----- Source material -----

(* Let $d\ge 2$ and $N\in\mathbb{N}$, and let $$P(\mathbf{x}):=\left(\frac{4^{N-1}}{N\binom{2N-2}{N-1}}\right)^d\prod_{j=1}^d\sin^{2N-2}(\pi x_j/N),\qquad \mathbf{x}\in\mathbb{R}^d.$$ Then $P\chi_{[0,N]^d}$ satisfies the partition of unity condition $$\sum_{\mathbf{n}\in\mathbb{Z}^d} P(\mathbf{x}+\mathbf{n})\chi_{[0,N]^d}(\mathbf{x}+\mathbf{n})=1\quad\text{for all }\mathbf{x}\in\mathbb{R}^d,$$ and $P\chi_{[0,N]^d}\in C^{2N-3}(\mathbb{R}^d)$.
   Context: $\chi_{[0,N]^d}$ is the indicator function of $[0,N]^d$. $C^{m}(\mathbb{R}^d)$ denotes functions with continuous partial derivatives of all total orders at most $m$. *)

theory Defs
  imports "HOL-Analysis.Analysis"
begin

definition Ptrig :: "nat \<Rightarrow> real^'n \<Rightarrow> real" where
  "Ptrig N x = ((4::real) ^ (N - 1) / (real N * real ((2*N - 2) choose (N - 1)))) ^ CARD('n)
      * (\<Prod>j\<in>UNIV. sin (pi * x $ j / real N) ^ (2*N - 2))"

definition cubeN :: "nat \<Rightarrow> (real^'n) set" where
  "cubeN N = {x. \<forall>j. 0 \<le> x $ j \<and> x $ j \<le> real N}"

definition latt :: "int^'n \<Rightarrow> real^'n" where
  "latt n = (\<chi> j. real_of_int (n $ j))"

text \<open>C^m(R^d): all partial derivatives of total order at most m exist everywhere
  and are continuous.\<close>
fun Cm :: "nat \<Rightarrow> (real^'n \<Rightarrow> real) \<Rightarrow> bool" where
  "Cm 0 f = continuous_on UNIV f"
| "Cm (Suc m) f = (continuous_on UNIV f \<and>
      (\<forall>i. \<exists>g. (\<forall>x. ((\<lambda>t. f (x + t *\<^sub>R axis i 1)) has_real_derivative g x) (at 0)) \<and> Cm m g))"

end

theory Submission
  imports Defs
begin
(* Let $E$ be a disjunctive interval multiplicity expression (DIME) over a finite alphabet $\Sigma$ and let $w$ be an unordered word over $\Sigma$. Then $w\in L(E)$ if and only if $w\models \Delta_E$.
   Context: Unordered words are functions $w:\Sigma\to\mathbb{N}_0$; $a\in w$ means $w(a)\neq 0$; $\varepsilon$ is the all-zero word; unordered concatenation $\uplus$ is multiset union, extended to languages pointwise. An interval is $[n,m]$ or $[n,m]^?$ with $n\in\mathbb{N}_0$, $m\in\mathbb{N}_0\cup\{\infty\}$; $L(E^{[n,m]})=\{w_1\uplus\dots\uplus w_i\mid n\le i\le m, w_j\in L(E)\}$, $L(E^{[n,m]^?})=L(E^{[n,m]})\cup\{\varepsilon\}$; the multiplicities $*,+,?,1$ denote $[0,\infty],[1,\infty],[0,1],[1,1]$. Also $L(a)=\{a\}$, $L(E_1\mid E_2)=L(E_1)\cup L(E_2)$, $L(E_1\mathbin{|\hspace{-0.1em}|} E_2)=L(E_1)\uplus L(E_2)$. An atom is $(a_1^{I_1}\mathbin{|\hspace{-0.1em}|}\dots\mathbin{|\hspace{-0.1em}|} a_k^{I_k})$ with $a_i\in\Sigma$ and each $I_i\in\{?,1\}$. A clause is $(A_1^{I_1}\mid\dots\mid A_k^{I_k})$ with atoms $A_i$ and intervals $I_i$; it is simple if each $I_i\in\{?,1\}$. A DIME is $(D_1^{I_1}\mathbin{|\hspace{-0.1em}|}\dots\mathbin{|\hspace{-0.1em}|} D_k^{I_k})$ where for each $i$ either $D_i$ is a simple clause and $I_i\in\{+,*\}$, or $D_i$ is a clause and $I_i\in\{1,?\}$; moreover each symbol of $\Sigma$ occurs at most once in the DIME. The characterizing tuple of $E$ is $\Delta_E=(C_E,N_E,P_E,K_E)$ where $C_E=\{(a,b)\in\Sigma\times\Sigma\mid \neg\exists w\in L(E).\ a\in w\wedge b\in w\}$, $N_E=\{(a,w(a))\mid a\in\Sigma, w\in L(E)\}$, $P_E=\{X\subseteq\Sigma\mid\forall w\in L(E).\ \exists a\in X.\ a\in w\}$, $K_E=\{(a,b)\in\Sigma\times\Sigma\mid\forall w\in L(E).\ w(a)\ge w(b)\}$. An unordered word $w$ satisfies $\Delta_E$, written $w\models\Delta_E$, if: (1) for all $(a,b)\in C_E$, not both $a\in w$ and $b\in w$; (2) for all $a\in\Sigma$, $(a,w(a))\in N_E$; (3) for all $X\in P_E$ there is $a\in X$ with $a\in w$; (4) for all $(a,b)\in K_E$, $w(a)\ge w(b)$. *)

theory Defs
  imports Main "HOL-Library.Extended_Nat"
begin
(* Let $a$, $b$, $c$ be pairwise coprime positive integers with $a+b+c$ even. Then for all integers $p,q\geq1$ and all $x,y,z\in\mathbb{R}$, \begin{align*} a^{1-p}b^{1-q}S_{p,q}(a,b,c:x,y,z) &=\sum_{j=1}^{p}\binom{p-1}{j-1}a^{1-j}c^{1+j-p-q}S_{p+q-j,j}(c,-a,b:z,x,y)\\ &\quad+\sum_{h=1}^{q}\binom{q-1}{h-1}(-1)^{h}b^{1-h}c^{1+h-p-q}S_{p+q-h,h}(c,b,a:z,-y,x). \end{align*}
   Context: $E_n(x)$ denotes the $n$th Euler polynomial, defined by $\frac{2e^{xt}}{e^t+1}=\sum_{n\ge0}E_n(x)\frac{t^n}{n!}$. The $n$th Euler function $\mathcal{E}_n$ ($n\ge0$) is defined by $\mathcal{E}_n(x)=E_n(x)$ for $0\le x<1$ and $\mathcal{E}_n(x+m)=(-1)^m\mathcal{E}_n(x)$ for $m\in\mathbb{Z}$. For integers $a,b$, a positive integer $c$, integers $p,q\ge1$ and real $x,y,z$, define $$S_{p,q}(a,b,c:x,y,z)=\sum_{\mu=0}^{c-1}(-1)^{\mu}\mathcal{E}_{p-1}\Big(a\frac{\mu+z}{c}+x\Big)\mathcal{E}_{q-1}\Big(b\frac{\mu+z}{c}+y\Big).$$ *)

theory Defs
  imports "HOL-Analysis.Analysis" "HOL-Computational_Algebra.Formal_Power_Series"
begin

definition euler_poly :: "nat \<Rightarrow> real \<Rightarrow> real" where
  "euler_poly n x = fact n * fps_nth (2 * fps_exp x * inverse (fps_exp 1 + 1)) n"

text \<open>Euler function: equals E_n on [0,1) and satisfies f(x+m) = (-1)^m f(x).\<close>
definition euler_fun :: "nat \<Rightarrow> real \<Rightarrow> real" where
  "euler_fun n x = (-1) powi \<lfloor>x\<rfloor> * euler_poly n (x - of_int \<lfloor>x\<rfloor>)"

definition S :: "nat \<Rightarrow> nat \<Rightarrow> int \<Rightarrow> int \<Rightarrow> int \<Rightarrow> real \<Rightarrow> real \<Rightarrow> real \<Rightarrow> real" where
  "S p q a b c x y z = (\<Sum>\<mu>\<in>{0..<c}. (-1) powi \<mu> *
      euler_fun (p - 1) (of_int a * (of_int \<mu> + z) / of_int c + x) *
      euler_fun (q - 1) (of_int b * (of_int \<mu> + z) / of_int c + y))"

end

theory Submission
  imports Defs "HOL-Computational_Algebra.Polynomial"
begin

text \<open>
  Let \<open>E(t, w) = \<Sum>\<^sub>n euler_fun n w \<cdot> t\<^sup>n / n!\<close> be the exponential generating function of
  the Euler functions; by the definition of the Euler polynomials it equals
  \<open>2 (-1)\<^bsup>\<lfloor>w\<rfloor>\<^esup> exp (t \<cdot> frac w) / (exp t + 1)\<close>. Along lines \<open>\<ell>\<^sub>i(s) = k\<^sub>i s + d\<^sub>i\<close> with
  positive integer slopes, \<open>\<Sum> k\<^sub>i\<close> even and \<open>\<Sum> k\<^sub>i t\<^sub>i = 0\<close>, the product
  \<open>G(s) = \<Prod>\<^sub>i E(t\<^sub>i, \<ell>\<^sub>i(s))\<close> is therefore a \<open>1\<close>-periodic step function of \<open>s\<close>: the
  exponentials cancel and only signs and floors remain. It jumps exactly where some \<open>\<ell>\<^sub>i(s)\<close> is
  an integer \<open>n\<close>, by \<open>2 (-1)\<^sup>n \<Prod>\<^sub>j\<^sub>\<noteq>\<^sub>i E(t\<^sub>j, \<ell>\<^sub>j(s))\<close>, so the jumps over one period
  add up to zero. For the three lines \<open>a s + x\<close>, \<open>b s + y\<close>, \<open>c s - z\<close> this is a
  reciprocity law between generating functions of the sums \<open>S\<close>. Substituting
  \<open>(t\<^sub>1, t\<^sub>2, t\<^sub>3) = (l/a, 1/b, -(l+1)/c)\<close> turns each coefficient into a polynomial
  identity in \<open>l\<close>, whose coefficients give the theorem, provided no two of the lines take
  integer values at the same \<open>s\<close>. The general case follows by moving \<open>(x, z)\<close> to
  \<open>(x + t, z + t)\<close> and letting \<open>t \<rightarrow> 0\<^sup>+\<close>: the Euler functions are continuous from the right.
\<close>

section \<open>The generating function of the Euler functions\<close>

lemma fps_exp_sum: "fps_exp (\<Sum>i\<in>A. f i) = (\<Prod>i\<in>A. fps_exp (f i) :: 'a::field_char_0 fps)"
  by (induction A rule: infinite_finite_induct) (simp_all add: fps_exp_add_mult)

lemma fps_const_prod: "fps_const (\<Prod>i\<in>A. f i) = (\<Prod>i\<in>A. fps_const (f i) :: 'a::comm_ring_1 fps)"
  by (induction A rule: infinite_finite_induct) (simp_all flip: fps_const_mult)

lemma power_int_minus_one_sum: "(-1 :: 'a::field) powi (\<Sum>i\<in>A. f i) = (\<Prod>i\<in>A. (-1) powi f i)"
  by (induction A rule: infinite_finite_induct) (simp_all add: power_int_add)

definition euler_fun_fps :: "real \<Rightarrow> real \<Rightarrow> real fps" where
  "euler_fun_fps t w = Abs_fps (\<lambda>n. euler_fun n w * t ^ n / fact n)"

lemma euler_fun_fps_eq:
  "euler_fun_fps t w
    = fps_const (2 * (-1) powi \<lfloor>w\<rfloor>) * fps_exp (t * frac w) * inverse (fps_exp t + 1)"
proof -
  let ?gf = "\<lambda>v. 2 * fps_exp v * inverse (fps_exp 1 + 1 :: real fps)"
  have X0: "fps_nth (fps_const t * fps_X :: real fps) 0 = 0"
    by simp
  have "euler_fun_fps t w = fps_const ((-1) powi \<lfloor>w\<rfloor>) * (?gf (frac w) oo (fps_const t * fps_X))"
    unfolding fps_compose_linear
    by (rule fps_ext) (simp add: euler_fun_fps_def euler_fun_def euler_poly_def frac_def)
  also have "?gf (frac w) oo (fps_const t * fps_X)
      = 2 * fps_exp (t * frac w) * inverse (fps_exp t + 1)"
    by (simp add: fps_compose_mult_distrib[OF X0] fps_inverse_compose[OF X0]
        fps_compose_add_distrib)
  finally show ?thesis
    by (simp add: numeral_fps_const[symmetric] mult_ac)
qed

lemma euler_fun_fps_step:
  "euler_fun_fps t v = fps_const ((-1) powi (\<lfloor>v\<rfloor> - \<lfloor>w\<rfloor>))
     * fps_exp (t * (v - w) - of_int (\<lfloor>v\<rfloor> - \<lfloor>w\<rfloor>) * t) * euler_fun_fps t w"
proof -
  have sign: "(-1::real) powi \<lfloor>v\<rfloor> = (-1) powi (\<lfloor>v\<rfloor> - \<lfloor>w\<rfloor>) * (-1) powi \<lfloor>w\<rfloor>"
    by (simp flip: power_int_add)
  have "t * frac v = (t * (v - w) - of_int (\<lfloor>v\<rfloor> - \<lfloor>w\<rfloor>) * t) + t * frac w"
    by (simp add: frac_def algebra_simps)
  then have "fps_exp (t * frac v)
      = fps_exp (t * (v - w) - of_int (\<lfloor>v\<rfloor> - \<lfloor>w\<rfloor>) * t) * fps_exp (t * frac w)"
    by (simp only: fps_exp_add_mult)
  then show ?thesis
    unfolding euler_fun_fps_eq sign by (simp flip: fps_const_mult add: mult_ac)
qed

lemma euler_fun_fps_of_int:
  "euler_fun_fps t (of_int n) * (1 + fps_exp t) = fps_const (2 * (-1) powi n)"
proof -
  have "fps_nth (fps_exp t + 1 :: real fps) 0 \<noteq> 0"
    by simp
  then have "inverse (fps_exp t + 1) * (1 + fps_exp t) = 1"
    by (simp add: add.commute inverse_mult_eq_1)
  then show ?thesis
    unfolding euler_fun_fps_eq by (simp add: mult.assoc)
qed

lemma inverse_fps_exp_plus_one_minus:
  "fps_exp (- t) * inverse (fps_exp (- t) + 1) = inverse (fps_exp t + 1 :: real fps)"
proof -
  have "fps_exp t * fps_exp (- t) = (1 :: real fps)"
    by (simp flip: fps_exp_add_mult)
  then have "(fps_exp t + 1) * (fps_exp (- t) * inverse (fps_exp (- t) + 1))
      = (fps_exp (- t) + 1) * inverse (fps_exp (- t) + 1)"
    by (simp add: algebra_simps)
  also have "\<dots> = 1"
    by (simp add: inverse_mult_eq_1')
  finally show ?thesis
    by (rule fps_inverse_unique[symmetric])
qed

lemma euler_fun_fps_minus:
  assumes "w \<notin> \<int>"
  shows "euler_fun_fps (- t) (- w) = - euler_fun_fps t w"
proof -
  have floor: "\<lfloor>- w\<rfloor> = - \<lfloor>w\<rfloor> - 1"
    using assms by (simp add: floor_minus ceiling_altdef) (metis Ints_of_int)
  have sign: "(-1::real) powi (- \<lfloor>w\<rfloor> - 1) = - ((-1) powi \<lfloor>w\<rfloor>)"
    by (simp add: power_int_diff power_int_minus_left)
  have exp: "fps_exp (- t * frac (- w)) = fps_exp (- t) * fps_exp (t * frac w)"
    using assms by (simp add: frac_neg fps_exp_add_mult[symmetric] algebra_simps)
  show ?thesis
    unfolding euler_fun_fps_eq floor sign exp
    by (simp add: inverse_fps_exp_plus_one_minus[of t, symmetric] mult_ac flip: fps_const_neg)
qed

section \<open>Step functions along lines\<close>

lemma floor_line_eq_if_no_integer_between:
  fixes k d l u :: real
  assumes "k > 0" "l \<le> u" and no_int: "\<And>s. l < s \<Longrightarrow> s \<le> u \<Longrightarrow> k * s + d \<notin> \<int>"
  shows "\<lfloor>k * l + d\<rfloor> = \<lfloor>k * u + d\<rfloor>"
proof (rule ccontr)
  assume ne: "\<lfloor>k * l + d\<rfloor> \<noteq> \<lfloor>k * u + d\<rfloor>"
  define s where "s = (of_int \<lfloor>k * u + d\<rfloor> - d) / k"
  have ks: "k * s + d = of_int \<lfloor>k * u + d\<rfloor>"
    using assms(1) by (simp add: s_def)
  have "\<lfloor>k * l + d\<rfloor> \<le> \<lfloor>k * u + d\<rfloor>"
    using assms(1,2) by (intro floor_mono) (simp add: mult_left_mono)
  with ne have "k * l + d < k * s + d"
    unfolding ks by linarith
  moreover have "k * s + d \<le> k * u + d"
    unfolding ks by simp
  ultimately have "l < s" "s \<le> u"
    using assms(1) by simp_all
  then show False
    using no_int ks by (metis Ints_of_int)
qed

lemma eventually_floor_line_at_left:
  fixes k d s :: real
  assumes "k > 0"
  shows "eventually (\<lambda>x. \<lfloor>k * x + d\<rfloor> = \<lceil>k * s + d\<rceil> - 1) (at_left s)"
proof -
  define e where "e = (k * s + d - (of_int \<lceil>k * s + d\<rceil> - 1)) / k"
  have "e > 0"
    using assms ceiling_correct[of "k * s + d"] by (simp add: e_def)
  then have "eventually (\<lambda>x. x \<in> {s - e<..<s}) (at_left s)"
    by (intro eventually_at_left_real) simp
  then show ?thesis
  proof eventually_elim
    case (elim x)
    then have "k * (s - e) < k * x" "k * x < k * s"
      using assms by simp_all
    moreover have "k * (s - e) + d = of_int \<lceil>k * s + d\<rceil> - 1"
      using assms by (simp add: e_def field_simps)
    moreover have "k * s + d \<le> of_int \<lceil>k * s + d\<rceil>"
      by simp
    ultimately show ?case
      unfolding floor_eq_iff of_int_diff of_int_1 by linarith
  qed
qed

lemma eventually_floor_line_at_right:
  fixes w k :: real
  assumes "k > 0"
  shows "eventually (\<lambda>t. \<lfloor>w + k * t\<rfloor> = \<lfloor>w\<rfloor> \<and> w + k * t \<notin> \<int>) (at_right 0)"
proof -
  have "0 < (of_int \<lfloor>w\<rfloor> + 1 - w) / k"
    using assms by (simp add: field_simps) linarith
  then have "eventually (\<lambda>t. t \<in> {0<..<(of_int \<lfloor>w\<rfloor> + 1 - w) / k}) (at_right 0)"
    by (rule eventually_at_right_real)
  then show ?thesis
  proof eventually_elim
    case (elim t)
    then have "w < w + k * t" "w + k * t < of_int \<lfloor>w\<rfloor> + 1"
      using assms by (simp_all add: field_simps)
    then have floor: "\<lfloor>w + k * t\<rfloor> = \<lfloor>w\<rfloor>"
      unfolding floor_eq_iff by linarith
    moreover have "w + k * t \<notin> \<int>"
      using floor \<open>w < w + k * t\<close> by (metis Ints_cases floor_of_int of_int_floor_le not_le)
    ultimately show ?case
      by blast
  qed
qed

-----

▶ _Work item_
Using the entries, count how many lines contain the string "Analysis". Write only the number.

▶ _Response to this task_
2